- [Task item]: Retype, word for word, every line from the one holding "b = rat_adjoin x" through the one holding "f') x + rpoly" in the entries below, both included, and only those lines.

(Stored items)
lemma S3_cubic_of_two_roots:
  assumes "rpoly p x = 0" "rpoly p y = 0" "x \<noteq> y"
  shows "S3_cubic P Q x y (- x - y)"
  using depressed_cubic_roots_of_two_roots [OF assms] irreducible disc_not_square
  by (simp add: S3_cubic_def S3_cubic_axioms_def)

lemma gal_group_coords:
  assumes "\<sigma> \<in> carrier (gal_group p)"
  shows "\<sigma> (rpoly f a + rpoly g a * b) = rpoly f (\<sigma> a) + rpoly g (\<sigma> a) * \<sigma> b"
proof -
  have K: "subfield_C (splitting_field_C p)" and ab: "a \<in> splitting_field_C p" "b \<in> splitting_field_C p"
    using subfield_splitting_field_C root_in_splitting_field_C root_iff by blast+
  then have "rpoly f a \<in> splitting_field_C p" "rpoly g a \<in> splitting_field_C p"
    by (simp_all add: subfield_C_rpoly)
  then show ?thesis
    using assms K ab by (simp add: gal_group_add gal_group_times gal_group_rpoly subfield_C_def)
qed

lemma gal_group_eqI:
  assumes \<sigma>: "\<sigma> \<in> carrier (gal_group p)" and \<tau>: "\<tau> \<in> carrier (gal_group p)"
    and "\<sigma> a = \<tau> a" "\<sigma> b = \<tau> b"
  shows "\<sigma> = \<tau>"
proof
  fix u
  show "\<sigma> u = \<tau> u"
  proof (cases "u \<in> rat_adjoin a b")
    case True
    then obtain f g where "u = rpoly f a + rpoly g a * b"
      by (elim rat_adjoin_cases)
    then show ?thesis
      using gal_group_coords [OF \<sigma>] gal_group_coords [OF \<tau>] assms(3,4) by simp
  next
    case False
    then show ?thesis
      using gal_group_outside [OF \<sigma>] gal_group_outside [OF \<tau>] splitting_field_eq by simp
  qed
qed

definition root_aut :: "complex \<Rightarrow> complex \<Rightarrow> complex \<Rightarrow> complex" where
  "root_aut x y u =
     (if u \<in> rat_adjoin a b
      then (case (SOME (f, g). u = rpoly f a + rpoly g a * b) of (f, g) \<Rightarrow> rpoly f x + rpoly g x * y)
      else u)"

lemma root_aut_coords:
  assumes "rpoly p x = 0"
  shows "root_aut x y (rpoly f a + rpoly g a * b) = rpoly f x + rpoly g x * y"
proof -
  define u where "u = rpoly f a + rpoly g a * b"
  obtain f0 g0 where sel: "(SOME (f, g). u = rpoly f a + rpoly g a * b) = (f0, g0)"
    by (metis surj_pair)
  have "\<exists>fg. case fg of (f, g) \<Rightarrow> u = rpoly f a + rpoly g a * b"
    using u_def by auto
  then have "u = rpoly f0 a + rpoly g0 a * b"
    using someI_ex [of "\<lambda>(f, g). u = rpoly f a + rpoly g a * b"] sel by simp
  then have "rpoly (f - f0) a + rpoly (g - g0) a * b = 0"
    unfolding u_def by (simp add: algebra_simps)
  then have "rpoly (f - f0) x = 0" "rpoly (g - g0) x = 0"
    using coords_zero_imp_dvd rpoly_eq_0_if_dvd assms by blast+
  have "root_aut x y u = rpoly f0 x + rpoly g0 x * y"
    using sel rat_adjoin_in [of f a g b] unfolding root_aut_def u_def by simp
  also have "\<dots> = rpoly f x + rpoly g x * y"
    using \<open>rpoly (f - f0) x = 0\<close> \<open>rpoly (g - g0) x = 0\<close> by simp
  finally show ?thesis
    unfolding u_def .
qed

lemma root_aut_roots:
  assumes "rpoly p x = 0"
  shows "root_aut x y a = x" "root_aut x y b = y" "root_aut x y c = - x - y"
  using root_aut_coords [OF assms, of y "[:0, 1:]" 0] root_aut_coords [OF assms, of y 0 1]
    root_aut_coords [OF assms, of y "- [:0, 1:]" "- 1"] third_root by simp_all

lemma root_aut_image:
  assumes "rpoly p x = 0"
  shows "root_aut x y ` rat_adjoin a b = rat_adjoin x y"
  unfolding rat_adjoin_def image_image by (rule image_cong) (auto simp: root_aut_coords [OF assms])

context
  fixes x y :: complex
  assumes x: "rpoly p x = 0" and y: "rpoly p y = 0" and "x \<noteq> y"
begin

lemma root_aut_add:
  assumes "u \<in> rat_adjoin a b" "v \<in> rat_adjoin a b"
  shows "root_aut x y (u + v) = root_aut x y u + root_aut x y v"
proof -
  obtain f g f' g' where u: "u = rpoly f a + rpoly g a * b" and v: "v = rpoly f' a + rpoly g' a * b"
    using assms by (elim rat_adjoin_cases)
  have "root_aut x y (u + v) = root_aut x y (rpoly (f + f') a + rpoly (g + g') a * b)"
    unfolding u v by (simp add: algebra_simps)
  also have "\<dots> = root_aut x y u + root_aut x y v"
    unfolding u v root_aut_coords [OF x] by (simp add: algebra_simps)
  finally show ?thesis .
qed

lemma root_aut_mult:
  assumes "u \<in> rat_adjoin a b" "v \<in> rat_adjoin a b"
  shows "root_aut x y (u * v) = root_aut x y u * root_aut x y v"
proof -
  interpret xy: S3_cubic P Q x y "- x - y"
    using S3_cubic_of_two_roots x y \<open>x \<noteq> y\<close> .
  obtain f g f' g' where u: "u = rpoly f a + rpoly g a * b" and v: "v = rpoly f' a + rpoly g' a * b"
    using assms by (elim rat_adjoin_cases)
  show ?thesis
    unfolding u v times_coords root_aut_coords [OF x] xy.times_coords ..
qed

lemma inj_on_root_aut: "inj_on (root_aut x y) (rat_adjoin a b)"
proof (rule inj_onI)
  interpret xy: S3_cubic P Q x y "- x - y"
    using S3_cubic_of_two_roots x y \<open>x \<noteq> y\<close> .
  fix u v
  assume "u \<in> rat_adjoin a b" "v \<in> rat_adjoin a b" and eq: "root_aut x y u = root_aut x y v"
  then obtain f g f' g' where u: "u = rpoly f a + rpoly g a * b" and v: "v = rpoly f' a + rpoly g' a * b"
    by (elim rat_adjoin_cases)
  have "rpoly (f - f') x + rpoly (g - g') x * y = 0"
    using eq unfolding u v root_aut_coords [OF x] by (simp add: algebra_simps)
  then have "rpoly (f - f') a = 0" "rpoly (g - g') a = 0"
    using xy.coords_zero_imp_dvd rpoly_eq_0_if_dvd root_iff by blast+
  then show "u = v"
    unfolding u v by simp
qed

lemma root_aut_in_gal_group: "root_aut x y \<in> carrier (gal_group p)"
proof (rule gal_group_memI, unfold splitting_field_eq)
  interpret xy: S3_cubic P Q x y "- x - y"
    using S3_cubic_of_two_roots x y \<open>x \<noteq> y\<close> .
  have "root_aut x y ` rat_adjoin a b = rat_adjoin a b"
    using root_aut_image [OF x] xy.splitting_field_eq splitting_field_eq by simp
  then show "bij_betw (root_aut x y) (rat_adjoin a b) (rat_adjoin a b)"
    using inj_on_root_aut by (simp add: bij_betw_def)
  show "root_aut x y (of_rat r) = of_rat r" for r
    using root_aut_coords [OF x, of y "[:r:]" 0] by simp
  show "root_aut x y u = u" if "u \<notin> rat_adjoin a b" for u
    using that by (simp add: root_aut_def)
qed (simp_all add: root_aut_add root_aut_mult)
(* For every integer $l\ge 0$, the ideal $I_l\subset\mathbb{Z}[q,q^{-1}]$ is principal; it equals $g_l\,\mathbb{Z}[q,q^{-1}]$, where $g_l=\mathrm{GCD}(f_{l,0},\dots,f_{l,l})$. Moreover, up to a unit of $\mathbb{Z}[q,q^{-1}]$, $$g_l=\prod_{m\ge 1}\Phi_m^{t_{l,m}},\qquad t_{l,m}=\begin{cases}\lfloor \tfrac{l+1}{m}\rfloor-1 & \text{for } 1\le m\le l,\\ 0 & \text{for } m>l.\end{cases}$$
   Context: Work in the ring $\mathbb{Z}[q,q^{-1}]$ of Laurent polynomials, a unique factorization domain whose units are $\pm q^j$. For $i\in\mathbb{Z}$ and $n\ge 0$ set $\{i\}_q=q^i-1$, $\{i\}_{q,n}=\{i\}_q\{i-1\}_q\cdots\{i-n+1\}_q$ (the empty product, equal to $1$, when $n=0$), and $\{n\}_q!=\{n\}_{q,n}$ (so $\{0\}_q!=1$). For $0\le k\le l$ set $f_{l,k}=\{l-k\}_q!\,\{k\}_q!$, and let $I_l$ be the ideal of $\mathbb{Z}[q,q^{-1}]$ generated by $f_{l,0},\dots,f_{l,l}$. $\mathrm{GCD}$ denotes a greatest common divisor in $\mathbb{Z}[q,q^{-1}]$ (defined up to units). $\Phi_m=\prod_{d\mid m}(q^d-1)^{\mu(m/d)}$ is the $m$th cyclotomic polynomial ($\mu$ the Möbius function), and $\lfloor r\rfloor$ is the largest integer $\le r$. *)

theory Defs
  imports "HOL-Computational_Algebra.Computational_Algebra"
begin

text \<open>The ring Z[q,q^-1] is realised as the subring LP of the field of formal
Laurent series over the rationals consisting of series with finite support
and integer coefficients; q is fls_X (so q^i is fls_X_intpow i).  Working inside the field allows the
literal definition of cyclotomic polynomials with integer (Moebius) exponents.\<close>

definition LP :: "rat fls set" where
  "LP = {x. finite {n. fls_nth x n \<noteq> 0} \<and> (\<forall>n. fls_nth x n \<in> \<int>)}"


definition qbr :: "int \<Rightarrow> rat fls" where
  "qbr i = fls_X_intpow i - 1"

definition qbrn :: "int \<Rightarrow> nat \<Rightarrow> rat fls" where
  "qbrn i n = (\<Prod>j<n. qbr (i - int j))"

definition qfact :: "nat \<Rightarrow> rat fls" where
  "qfact n = qbrn (int n) n"

definition fq :: "nat \<Rightarrow> nat \<Rightarrow> rat fls" where
  "fq l k = qfact (l - k) * qfact k"

definition Iq :: "nat \<Rightarrow> rat fls set" where
  "Iq l = {x. \<exists>c. (\<forall>k\<le>l. c k \<in> LP) \<and> x = (\<Sum>k\<le>l. c k * fq l k)}"

definition ldvd :: "rat fls \<Rightarrow> rat fls \<Rightarrow> bool" where
  "ldvd a b \<longleftrightarrow> (\<exists>c\<in>LP. b = a * c)"

definition lunit :: "rat fls \<Rightarrow> bool" where
  "lunit u \<longleftrightarrow> u \<in> LP \<and> (\<exists>v\<in>LP. u * v = 1)"

definition is_lgcd :: "rat fls \<Rightarrow> nat \<Rightarrow> bool" where
  "is_lgcd g l \<longleftrightarrow> g \<in> LP \<and> (\<forall>k\<le>l. ldvd g (fq l k)) \<and>
     (\<forall>d\<in>LP. (\<forall>k\<le>l. ldvd d (fq l k)) \<longrightarrow> ldvd d g)"

definition moebius :: "nat \<Rightarrow> int" where
  "moebius n = (if squarefree n then (-1) ^ card (prime_factors n) else 0)"

definition cyclo :: "nat \<Rightarrow> rat fls" where
  "cyclo m = (\<Prod>d\<in>{d. d dvd m}. (fls_X_intpow (int d) - 1) powi moebius (m div d))"
(* Let $D$ be an infinite commutative unital integral domain. The graded pair $(R,S)$ is relatively free in the variety of graded pairs determined by $Id(M_2(D),sl_2(D))$. That is: $(R,S)$ satisfies every weak graded identity of $(M_2(D),sl_2(D))$, and for every graded pair $(A,L)$ satisfying all weak graded identities of $(M_2(D),sl_2(D))$ and every choice of elements $a_i\in L\cap A^{(0)}$, $b_i\in L\cap A^{(1)}$ ($i\ge1$), there is a unique homomorphism of graded unital algebras $\psi\colon R\to A$ with $\psi(Y_i)=a_i$, $\psi(Z_i)=b_i$ for all $i$, and it satisfies $\psi(S)\subseteq L$.
   Context: Let $Y=\{y_1,y_2,\dots\}$ and $Z=\{z_1,z_2,\dots\}$ be disjoint countable sets of variables, $X=Y\cup Z$, and let $D\langle X\rangle$ be the free unital associative $D$-algebra on $X$, $\mathbb{Z}_2$-graded by declaring the $y_i$ even and the $z_i$ odd (a monomial is even iff it contains an even number of letters from $Z$, counted with multiplicity). Let $L\langle X\rangle$ be the Lie subalgebra of $D\langle X\rangle$ (with bracket $[a,b]=ab-ba$) generated by $X$, with the induced grading $L\langle X\rangle^{(0)}\oplus L\langle X\rangle^{(1)}$. A graded pair $(A,L)$ consists of a $\mathbb{Z}_2$-graded associative unital $D$-algebra $A=A^{(0)}\oplus A^{(1)}$ and a Lie subalgebra $L$ of $A$ (under the commutator) with $L=(L\cap A^{(0)})\oplus(L\cap A^{(1)})$. A polynomial $f(y_1,\dots,y_k,z_1,\dots,z_m)\in D\langle X\rangle$ is a weak graded identity of $(A,L)$ if $f$ vanishes under every substitution of each $y_i$ by an element of $L\cap A^{(0)}$ and each $z_j$ by an element of $L\cap A^{(1)}$; $Id(A,L)$ denotes the set of all weak graded identities of $(A,L)$. $M_2(D)$ is graded with diagonal matrices even and off-diagonal matrices odd, and $sl_2(D)$ (traceless matrices) carries the induced grading. Let $\mathcal{A}=D[\alpha_i,\beta_i,\gamma_i\mid i\ge1]$ be the commutative polynomial ring and in $M_2(\mathcal A)$ put $Y_i=\begin{pmatrix}\alpha_i&0\\0&-\alpha_i\end{pmatrix}$, $Z_i=\begin{pmatrix}0&\beta_i\\ \gamma_i&0\end{pmatrix}$. Let $R$ be the unital associative subalgebra of $M_2(\mathcal A)$ generated by all $Y_i,Z_i$, and $S$ the Lie subalgebra (under the commutator) generated by them; $R=R_0\oplus R_1$ is graded with the $Y_i$ even and the $Z_i$ odd, and $S$ has the induced grading $S_i=S\cap R_i$. *)

theory Defs
  imports "HOL-Library.Poly_Mapping"
begin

- [Solution]:
  shows "root_aut x y ` rat_adjoin a b = rat_adjoin x y"
  unfolding rat_adjoin_def image_image by (rule image_cong) (auto simp: root_aut_coords [OF assms])

context
  fixes x y :: complex
  assumes x: "rpoly p x = 0" and y: "rpoly p y = 0" and "x \<noteq> y"
begin

lemma root_aut_add:
  assumes "u \<in> rat_adjoin a b" "v \<in> rat_adjoin a b"
  shows "root_aut x y (u + v) = root_aut x y u + root_aut x y v"
proof -
  obtain f g f' g' where u: "u = rpoly f a + rpoly g a * b" and v: "v = rpoly f' a + rpoly g' a * b"
    using assms by (elim rat_adjoin_cases)
  have "root_aut x y (u + v) = root_aut x y (rpoly (f + f') a + rpoly (g + g') a * b)"
    unfolding u v by (simp add: algebra_simps)
  also have "\<dots> = root_aut x y u + root_aut x y v"
    unfolding u v root_aut_coords [OF x] by (simp add: algebra_simps)
  finally show ?thesis .
qed

lemma root_aut_mult:
  assumes "u \<in> rat_adjoin a b" "v \<in> rat_adjoin a b"
  shows "root_aut x y (u * v) = root_aut x y u * root_aut x y v"
proof -
  interpret xy: S3_cubic P Q x y "- x - y"
    using S3_cubic_of_two_roots x y \<open>x \<noteq> y\<close> .
  obtain f g f' g' where u: "u = rpoly f a + rpoly g a * b" and v: "v = rpoly f' a + rpoly g' a * b"
    using assms by (elim rat_adjoin_cases)
  show ?thesis
    unfolding u v times_coords root_aut_coords [OF x] xy.times_coords ..
qed

lemma inj_on_root_aut: "inj_on (root_aut x y) (rat_adjoin a b)"
proof (rule inj_onI)
  interpret xy: S3_cubic P Q x y "- x - y"
    using S3_cubic_of_two_roots x y \<open>x \<noteq> y\<close> .
  fix u v
  assume "u \<in> rat_adjoin a b" "v \<in> rat_adjoin a b" and eq: "root_aut x y u = root_aut x y v"
  then obtain f g f' g' where u: "u = rpoly f a + rpoly g a * b" and v: "v = rpoly f' a + rpoly g' a * b"
    by (elim rat_adjoin_cases)
  have "rpoly (f - f') x + rpoly (g - g') x * y = 0"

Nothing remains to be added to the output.